> [EXERCISE DIRECTIONS]: Please return only the lines from the one holding "(even n \<longrightarrow>" through the one holding "by (subst card_image)", exactly as they appear in the records below, both ends included.

***** GIVEN RECORDS

(* Let $p\in\mathbb{N}$ and let $\gamma^*$ be a DAG on $[p]$. Suppose the random vector $X=(X_1,\dots,X_p)^{\mathrm T}$ is generated by the linear structural equation model \[X_j = X_{\mathrm{pa}^*(j)}^{\mathrm T}\beta_j^* + \epsilon_j,\qquad j\in[p],\] where $\mathrm{pa}^*(j)$ is the parent set of $j$ in $\gamma^*$, every entry of $\beta_j^*\in\mathbb{R}^{|\mathrm{pa}^*(j)|}$ is non-zero, and $\epsilon_1,\dots,\epsilon_p$ are independent with $E(\epsilon_j)=0$ and $\mathrm{var}(\epsilon_j)=\sigma^2$ for all $j$, for a common $\sigma^2>0$. For every DAG $\gamma$ on $[p]$ define \[ r_j^\gamma := \min_{\beta_j\in\mathbb{R}^{|\mathrm{pa}^\gamma(j)|}} E\big(X_j - X_{\mathrm{pa}^\gamma(j)}^{\mathrm T}\beta_j\big)^2,\quad j\in[p],\qquad r^\gamma:=\sum_{j=1}^p r_j^\gamma ,\] (with $r_j^\gamma = E(X_j^2)$ when $\mathrm{pa}^\gamma(j)=\emptyset$), and write $r^* := r^{\gamma^*}$. Then for every DAG $\gamma$ on $[p]$, $r^\gamma\ge r^*$ $(=p\sigma^2)$, and equality holds if and only if $\gamma\supseteq\gamma^*$, i.e. every directed edge of $\gamma^*$ is an edge of $\gamma$.
   Context: A DAG on $[p]=\{1,\dots,p\}$ is a pair $([p],E)$ with $E\subset[p]\times[p]$ a set of directed edges containing no directed cycle; $(k,j)\in E$ means $k$ is a parent of $j$, and $\mathrm{pa}^\gamma(j)$ denotes the set of parents of $j$ in $\gamma$. For $x\in\mathbb{R}^p$ and $I\subset[p]$, $x_I$ is the subvector $(x_k)_{k\in I}$. $\gamma'\supseteq\gamma$ means the edge set of $\gamma'$ contains that of $\gamma$. Expectations are under the true data-generating distribution of the model. *)

theory Defs
  imports "HOL-Probability.Probability"
begin
(* For $n\ge1$ let $$\Delta_n(t)=\sum_{k=0}^{n-1}(-1)^k(2k+1)\big(t^k+t^{2n-k}\big)+(-1)^n(2n+1)t^n,$$ the Alexander polynomial of the 2-bridge knot $K([\underbrace{2,\dots,2}_{n},\underbrace{-2,\dots,-2}_{n}])$. Then no zero of $\Delta_n$ has modulus $1$. Moreover: (1) if $n$ is odd, $\Delta_n$ has exactly two real zeros and all other zeros are non-real; (2) if $n$ is even, $\Delta_n$ has no real zeros. *)

theory Defs
  imports Complex_Main "HOL-Computational_Algebra.Polynomial"
begin

definition alex_poly :: "nat \<Rightarrow> 'a::comm_ring_1 poly" where
  "alex_poly n =
     (\<Sum>k<n. smult ((-1)^k * of_nat (2*k+1)) (monom 1 k + monom 1 (2*n-k)))
     + smult ((-1)^n * of_nat (2*n+1)) (monom 1 n)"

end

theory Submission imports Defs begin

text \<open>Multiplying by \<open>(1 + t)^2\<close> telescopes the alternating sums:
  \<open>(1 + t)^2 \<Delta>\<^sub>n(t) = (1 - t)(1 - t^(2n+1)) + 4(-1)^n t^(n+1)\<close>, while \<open>\<Delta>\<^sub>n(-1) = 2n^2 + 2n + 1\<close>.
  On the unit circle away from \<open>-1\<close> the first summand has modulus less than 4, so it cannot
  cancel the second. For real \<open>t\<close> the right-hand side equals
  \<open>(1 - (-t)^(n+1))^2 - t (1 - (-t)^n)^2\<close>, which is positive for \<open>t < 0\<close>, \<open>t \<noteq> -1\<close>. For even \<open>n\<close>
  it is also positive for \<open>t \<ge> 0\<close>. For odd \<open>n\<close> it decreases strictly on \<open>[0, 1]\<close> from 1 to
  \<open>-4\<close> and is invariant up to the factor \<open>t^(2n+2)\<close> under \<open>t \<mapsto> 1/t\<close>, so its positive zeros
  are one \<open>r < 1\<close> and \<open>1/r\<close>.\<close>

lemma poly_alex_poly:
  "poly (alex_poly n) (z::'a::comm_ring_1) =
     (\<Sum>k<n. (-1)^k * of_nat (2*k+1) * (z^k + z^(2*n-k))) + (-1)^n * of_nat (2*n+1) * z^n"
  unfolding alex_poly_def by (simp add: poly_sum poly_monom)

lemma poly_alex_poly_of_real:
  "poly (alex_poly n) (of_real t :: 'a::{real_algebra_1,comm_ring_1}) = of_real (poly (alex_poly n) t)"
  by (simp add: poly_alex_poly)

lemma neg_one_power_mult_self: "(-1::'a::comm_ring_1)^k * (-1)^k = 1"
  by (simp add: power_add[symmetric])

lemma poly_alex_poly_neg_one: "poly (alex_poly n) (-1::'a::comm_ring_1) = of_nat (2*n*n+2*n+1)"
proof -
  have "(\<Sum>k<n. (-1)^k * of_nat (2*k+1) * ((-1::'a)^k + (-1)^(2*n-k))) = (\<Sum>k<n. of_nat (4*k+2))"
  proof (rule sum.cong)
    fix k assume "k \<in> {..<n}"
    then have "2*n-k = k + 2*(n-k)" by auto
    then have "(-1::'a)^(2*n-k) = (-1)^k" by (simp add: power_add power_mult)
    then show "(-1)^k * of_nat (2*k+1) * ((-1::'a)^k + (-1)^(2*n-k)) = of_nat (4*k+2)"
      using neg_one_power_mult_self[of k] by (simp add: algebra_simps)
  qed simp
  also have "(\<Sum>k<n. of_nat (4*k+2)) = (of_nat (2*n*n) :: 'a)"
    by (induction n) (auto simp: algebra_simps)
  finally show ?thesis
    using neg_one_power_mult_self[of n] by (simp add: poly_alex_poly algebra_simps)
qed

lemma alex_poly_neg_one_nonzero: "poly (alex_poly n) (-1::'a::{comm_ring_1,ring_char_0}) \<noteq> 0"
  unfolding poly_alex_poly_neg_one of_nat_eq_0_iff by simp

definition alex_numerator :: "nat \<Rightarrow> 'a::comm_ring_1 \<Rightarrow> 'a" where
  "alex_numerator n t = (1-t)*(1-t^(2*n+1)) + 4*(-1)^n*t^(n+1)"

lemma alternating_odd_sum_telescope:
  "(1+z)^2 * (\<Sum>k<n. (-1)^k * of_nat (2*k+1) * (z::'a::comm_ring_1)^k)
     = 1 - z - of_nat (2*n+1) * (-z)^n + (2*of_nat n - 1) * (-z)^(n+1)"
proof (induction n)
  case 0 then show ?case by (simp add: algebra_simps power2_eq_square)
next
  case (Suc n)
  have "(1+z)^2 * (\<Sum>k<Suc n. (-1)^k * of_nat (2*k+1) * z^k) =
     (1+z)^2 * (\<Sum>k<n. (-1)^k * of_nat (2*k+1) * z^k) + (1+z)^2 * (of_nat (2*n+1) * (-z)^n)"
    by (simp add: algebra_simps power_minus')
  also have "\<dots> = 1 - z - of_nat (2*Suc n+1) * (-z)^Suc n + (2*of_nat (Suc n) - 1) * (-z)^(Suc n+1)"
    unfolding Suc by (simp add: algebra_simps power2_eq_square)
  finally show ?case .
qed

lemma alternating_odd_sum_reversed_telescope:
  "(1+z)^2 * (\<Sum>k<n. (-1)^k * of_nat (2*k+1) * (z::'a::comm_ring_1)^(2*n-k))
     = z^(2*n+2) - z^(2*n+1) - of_nat (2*n+1) * (-1)^n * z^(n+2) - (2*of_nat n - 1) * (-1)^n * z^(n+1)"
proof (induction n)
  case 0 then show ?case by (simp add: algebra_simps power2_eq_square)
next
  case (Suc n)
  have "(\<Sum>k<n. (-1)^k * of_nat (2*k+1) * z^(2*Suc n-k))
      = (\<Sum>k<n. z^2 * ((-1)^k * of_nat (2*k+1) * z^(2*n-k)))"
  proof (rule sum.cong)
    fix k assume "k \<in> {..<n}"
    then have "2*Suc n - k = 2 + (2*n-k)" by auto
    then show "(-1)^k * of_nat (2*k+1) * z^(2*Suc n-k) = z^2 * ((-1)^k * of_nat (2*k+1) * z^(2*n-k))"
      by (simp add: power_add algebra_simps power2_eq_square)
  qed simp
  moreover have "2 * Suc n - n = n + 2" by simp
  ultimately have "(\<Sum>k<Suc n. (-1)^k * of_nat (2*k+1) * z^(2*Suc n-k)) =
     z^2 * (\<Sum>k<n. (-1)^k * of_nat (2*k+1) * z^(2*n-k)) + (-1)^n * of_nat (2*n+1) * z^(n+2)"
    by (simp add: sum_distrib_left)
  then have "(1+z)^2 * (\<Sum>k<Suc n. (-1)^k * of_nat (2*k+1) * z^(2*Suc n-k)) =
     z^2 * ((1+z)^2 * (\<Sum>k<n. (-1)^k * of_nat (2*k+1) * z^(2*n-k)))
       + (1+z)^2 * ((-1)^n * of_nat (2*n+1) * z^(n+2))"
    by (simp add: algebra_simps)
  also have "\<dots> = z^(2*Suc n+2) - z^(2*Suc n+1) - of_nat (2*Suc n+1) * (-1)^Suc n * z^(Suc n+2)
       - (2*of_nat (Suc n) - 1) * (-1)^Suc n * z^(Suc n+1)"
    unfolding Suc by (simp add: algebra_simps power2_eq_square power_add)
  finally show ?case .
qed

lemma alex_poly_closed_form:
  "(1+z)^2 * poly (alex_poly n) (z::'a::comm_ring_1) = alex_numerator n z"
proof -
  have "(1+z)^2 * poly (alex_poly n) z = (1+z)^2 * (\<Sum>k<n. (-1)^k * of_nat (2*k+1) * z^k)
     + (1+z)^2 * (\<Sum>k<n. (-1)^k * of_nat (2*k+1) * z^(2*n-k)) + (1+z)^2 * ((-1)^n * of_nat (2*n+1) * z^n)"
    by (simp add: poly_alex_poly algebra_simps sum.distrib)
  then show ?thesis
    unfolding alternating_odd_sum_telescope alternating_odd_sum_reversed_telescope alex_numerator_def
    by (simp add: algebra_simps power2_eq_square power_add power_minus')
qed

lemma alex_poly_eq_0_iff_numerator:
  fixes z :: "'a::{comm_ring_1,ring_char_0,ring_no_zero_divisors}"
  shows "poly (alex_poly n) z = 0 \<longleftrightarrow> z \<noteq> -1 \<and> alex_numerator n z = 0"
proof (cases "z = -1")
  case True
  then show ?thesis using alex_poly_neg_one_nonzero by simp
next
  case False
  then have "(1+z)^2 \<noteq> 0" by (simp add: add_eq_0_iff power2_eq_square)
  then show ?thesis
    using False alex_poly_closed_form[of z n] by (metis mult_eq_0_iff)
qed

lemma alex_numerator_sum_of_squares:
  "alex_numerator n t = (1-(-t)^(n+1))^2 - t*(1-(-t)^n)^2"
  for t :: "'a::comm_ring_1"
proof -
  define s :: 'a where "s = (-1)^n"
  have ss: "s*(s*x) = x" for x
    unfolding s_def using neg_one_power_mult_self[of n] by (metis mult.assoc mult_1)
  have "(-t)^(n+1) = - s * t^(n+1)" "(-t)^n = s * t^n"
    unfolding s_def by (simp_all add: power_minus')
  moreover have "t^(2*n+1) = t*t^n*t^n" "t^(n+1) = t*t^n"
    by (simp_all add: power_add mult_2)
  ultimately show ?thesis
    unfolding alex_numerator_def s_def[symmetric]
    by (simp add: power2_eq_square algebra_simps ss)
qed

lemma norm_one_minus_lt_2:
  assumes "cmod z = 1" "z \<noteq> -1"
  shows "cmod (1 - z) < 2"
proof -
  have circle: "(Re z)^2 + (Im z)^2 = 1"
    using assms(1) by (metis cmod_power2 one_power2)
  have "Re z \<noteq> -1"
    using circle assms(2) by (auto simp: complex_eq_iff)
  moreover have "Re z \<ge> -1"
    using abs_Re_le_cmod[of z] assms(1) by linarith
  ultimately have "Re z > -1" by simp
  have "(cmod (1-z))^2 = (1 - Re z)^2 + (Im z)^2"
    by (simp add: cmod_power2)
  also have "\<dots> = 2 - 2 * Re z"
    using circle by (simp add: power2_eq_square algebra_simps)
  finally have "(cmod (1-z))^2 = 2 - 2 * Re z" .
  with \<open>Re z > -1\<close> have "(cmod (1-z))^2 < 2^2" by simp
  then show ?thesis by (rule power_less_imp_less_base) simp
qed

lemma alex_poly_no_unimodular_roots:
  assumes "cmod z = 1"
  shows "poly (alex_poly n) z \<noteq> 0"
proof
  assume "poly (alex_poly n) z = 0"
  then have "z \<noteq> -1" and "(1-z)*(1-z^(2*n+1)) = - (4*(-1)^n*z^(n+1))"
    unfolding alex_poly_eq_0_iff_numerator alex_numerator_def by (simp_all add: eq_neg_iff_add_eq_0)
  have "4 = cmod (4*(-1)^n*z^(n+1))"
    using assms by (simp add: norm_mult norm_power)
  also have "\<dots> = cmod (1-z) * cmod (1-z^(2*n+1))"
    using \<open>(1-z)*(1-z^(2*n+1)) = _\<close> by (simp only: norm_minus_cancel flip: norm_mult)
  also have "\<dots> \<le> cmod (1-z) * 2"
    using norm_triangle_ineq4[of 1 "z^(2*n+1)"] norm_power[of z "2*n+1"] assms
    by (intro mult_left_mono) simp_all
  also have "\<dots> < 4"
    using norm_one_minus_lt_2[OF assms \<open>z \<noteq> -1\<close>] by simp
  finally show False by simp
qed

lemma real_roots_alex_poly_complex:
  "{z::complex. poly (alex_poly n) z = 0 \<and> z \<in> \<real>} = of_real ` {t. poly (alex_poly n) t = 0}"
  by (auto simp: poly_alex_poly_of_real elim!: Reals_cases)

lemma alex_numerator_neg_nonzero:
  fixes t :: real
  assumes "t < 0" "t \<noteq> -1"
  shows "alex_numerator n t \<noteq> 0"
proof
  assume "alex_numerator n t = 0"
  then have sum0: "(1-(-t)^(n+1))^2 + (-t)*(1-(-t)^n)^2 = 0"
    unfolding alex_numerator_sum_of_squares by simp
  have "0 \<le> (1-(-t)^(n+1))^2" by simp
  moreover have "0 \<le> (-t)*(1-(-t)^n)^2" using assms by (intro mult_nonneg_nonneg) auto
  ultimately have "(1-(-t)^(n+1))^2 = 0" and "(-t)*(1-(-t)^n)^2 = 0"
    using sum0 by linarith+
  then have "(-t)^(n+1) = 1" and "(-t)^n = 1" using assms by simp_all
  then show False using assms by simp
qed

lemma one_minus_mult_one_minus_power_nonneg:
  fixes t :: real
  assumes "0 \<le> t"
  shows "0 \<le> (1-t)*(1-t^m)"
proof (cases "t \<le> 1")
  case True then show ?thesis using power_le_one[OF assms True] by simp
next
  case False then show ?thesis using one_le_power[of t m] by (simp add: mult_nonpos_nonpos)
qed

lemma alex_numerator_even_pos:
  fixes t :: real
  assumes "even n" "0 \<le> t"
  shows "alex_numerator n t > 0"
proof (cases "t = 0")
  case True then show ?thesis by (simp add: alex_numerator_def)
next
  case False
  have "0 \<le> (1-t)*(1-t^(2*n+1))"
    using one_minus_mult_one_minus_power_nonneg[OF assms(2)] .
  moreover have "0 < 4*t^(n+1)" using assms False by simp
  ultimately show ?thesis using assms(1) by (simp add: alex_numerator_def)
qed

lemma alex_numerator_odd_strict_antimono:
  fixes a b :: real
  assumes "odd n" "0 \<le> a" "a < b" "b \<le> 1"
  shows "alex_numerator n b < alex_numerator n a"
proof -
  have "(1-b)*(1-b^(2*n+1)) \<le> (1-a)*(1-a^(2*n+1))"
  proof (rule mult_mono)
    show "1 - b^(2*n+1) \<le> 1 - a^(2*n+1)" using assms power_mono[of a b "2*n+1"] by simp
    show "0 \<le> 1 - b^(2*n+1)" using assms power_le_one[of b "2*n+1"] by simp
  qed (use assms in auto)
  moreover have "a^(n+1) < b^(n+1)" using assms power_strict_mono[of a b "n+1"] by simp
  ultimately show ?thesis using assms(1) by (simp add: alex_numerator_def)
qed

lemma alex_numerator_reciprocal:
  fixes t :: real
  assumes "t \<noteq> 0"
  shows "alex_numerator n t = t^(2*n+2) * alex_numerator n (1/t)"
proof -
  have "t^(2*n+2) = t * t^(2*n+1)" "t^(2*n+2) = t^(n+1) * t^(n+1)"
    by (simp_all add: power_add[symmetric] mult_2)
  then show ?thesis
    using assms by (simp add: alex_numerator_def field_simps power_one_over)
qed

lemma alex_numerator_odd_root:
  fixes n :: nat
  assumes "odd n"
  obtains r :: real where "0 < r" "r < 1" "alex_numerator n r = 0"
proof -
  have "\<exists>r. 0 \<le> r \<and> r \<le> 1 \<and> alex_numerator n r = (0::real)"
    by (rule IVT2') (use assms in \<open>auto simp: alex_numerator_def intro!: continuous_intros\<close>)
  then obtain r :: real where "0 \<le> r" "r \<le> 1" "alex_numerator n r = 0" by blast
  moreover have "r \<noteq> 0" "r \<noteq> 1"
    using \<open>alex_numerator n r = 0\<close> assms by (auto simp: alex_numerator_def)
  ultimately show ?thesis using that[of r] by simp
qed

lemma real_roots_alex_poly_even:
  assumes "even n"
  shows "poly (alex_poly n) (t::real) \<noteq> 0"
  using alex_numerator_neg_nonzero[of t n] alex_numerator_even_pos[OF assms, of t]
  by (cases "t < 0") (auto simp: alex_poly_eq_0_iff_numerator)

lemma real_roots_alex_poly_odd:
  assumes "odd n"
  obtains r :: real where "0 < r" "r < 1" "{t. poly (alex_poly n) t = 0} = {r, 1/r}"
proof -
  obtain r :: real where r: "0 < r" "r < 1" "alex_numerator n r = 0"
    using alex_numerator_odd_root[OF assms] .
  have unique: "u = r" if "0 < u" "u \<le> 1" "alex_numerator n u = 0" for u
    using alex_numerator_odd_strict_antimono[OF assms, of u r]
      alex_numerator_odd_strict_antimono[OF assms, of r u] that r
    by (cases u r rule: linorder_cases) auto
  have reciprocal_0: "alex_numerator n (1/t) = 0 \<longleftrightarrow> alex_numerator n t = 0" if "0 < t" for t :: real
    using alex_numerator_reciprocal[of t n] that by simp
  have "1 < 1/r" using r by simp
  have "alex_numerator n t = 0 \<longleftrightarrow> t = r \<or> t = 1/r" if "0 < t" for t :: real
  proof (cases "t \<le> 1")
    case True
    then show ?thesis using that r unique[of t] \<open>1 < 1/r\<close> by auto
  next
    case False
    then have "alex_numerator n t = 0 \<longleftrightarrow> 1/t = r"
      using that r unique[of "1/t"] reciprocal_0[of t] by auto
    then show ?thesis using False r by (auto simp: field_simps)
  qed
  moreover have "alex_numerator n t \<noteq> 0" if "t \<le> 0" "t \<noteq> -1" for t :: real
    using that alex_numerator_neg_nonzero[of t n] by (cases "t = 0") (auto simp: alex_numerator_def)
  ultimately have "{t. poly (alex_poly n) t = 0} = {r, 1/r}"
    using r by (auto simp: alex_poly_eq_0_iff_numerator) (smt (verit) divide_pos_pos)+
  with r show ?thesis using that by blast
qed

theorem theoremC4:
  fixes n :: nat
  assumes "n \<ge> 1"
  shows "(\<forall>z::complex. poly (alex_poly n) z = 0 \<longrightarrow> cmod z \<noteq> 1)
       \<and> (odd n \<longrightarrow> card {z::complex. poly (alex_poly n) z = 0 \<and> z \<in> \<real>} = 2)
       \<and> (even n \<longrightarrow> (\<forall>z::complex. poly (alex_poly n) z = 0 \<longrightarrow> z \<notin> \<real>))"
proof (intro conjI impI allI)
  fix z :: complex
  show "poly (alex_poly n) z = 0 \<Longrightarrow> cmod z \<noteq> 1"
    using alex_poly_no_unimodular_roots by blast
next
  assume "odd n"
  then obtain r :: real where r: "0 < r" "r < 1" and roots: "{t. poly (alex_poly n) t = 0} = {r, 1/r}"
    by (rule real_roots_alex_poly_odd)
  have "1 < 1/r" using r by simp
  with r have "r \<noteq> 1/r" by linarith
  then have "card (of_real ` {r, 1/r} :: complex set) = 2"
    by (subst card_image) (simp_all add: inj_on_def del: of_real_divide)
  then show "card {z::complex. poly (alex_poly n) z = 0 \<and> z \<in> \<real>} = 2"
    unfolding real_roots_alex_poly_complex roots .
next
  fix z :: complex
  assume "even n"
  then show "poly (alex_poly n) z = 0 \<Longrightarrow> z \<notin> \<real>"
    using real_roots_alex_poly_complex[of n] real_roots_alex_poly_even[of n] by blast
qed

end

**********

> [ANSWER SPACE]:
       \<and> (even n \<longrightarrow> (\<forall>z::complex. poly (alex_poly n) z = 0 \<longrightarrow> z \<notin> \<real>))"
proof (intro conjI impI allI)
  fix z :: complex
  show "poly (alex_poly n) z = 0 \<Longrightarrow> cmod z \<noteq> 1"
    using alex_poly_no_unimodular_roots by blast
next
  assume "odd n"
  then obtain r :: real where r: "0 < r" "r < 1" and roots: "{t. poly (alex_poly n) t = 0} = {r, 1/r}"
    by (rule real_roots_alex_poly_odd)
  have "1 < 1/r" using r by simp
  with r have "r \<noteq> 1/r" by linarith
  then have "card (of_real ` {r, 1/r} :: complex set) = 2"
    by (subst card_image) (simp_all add: inj_on_def del: of_real_divide)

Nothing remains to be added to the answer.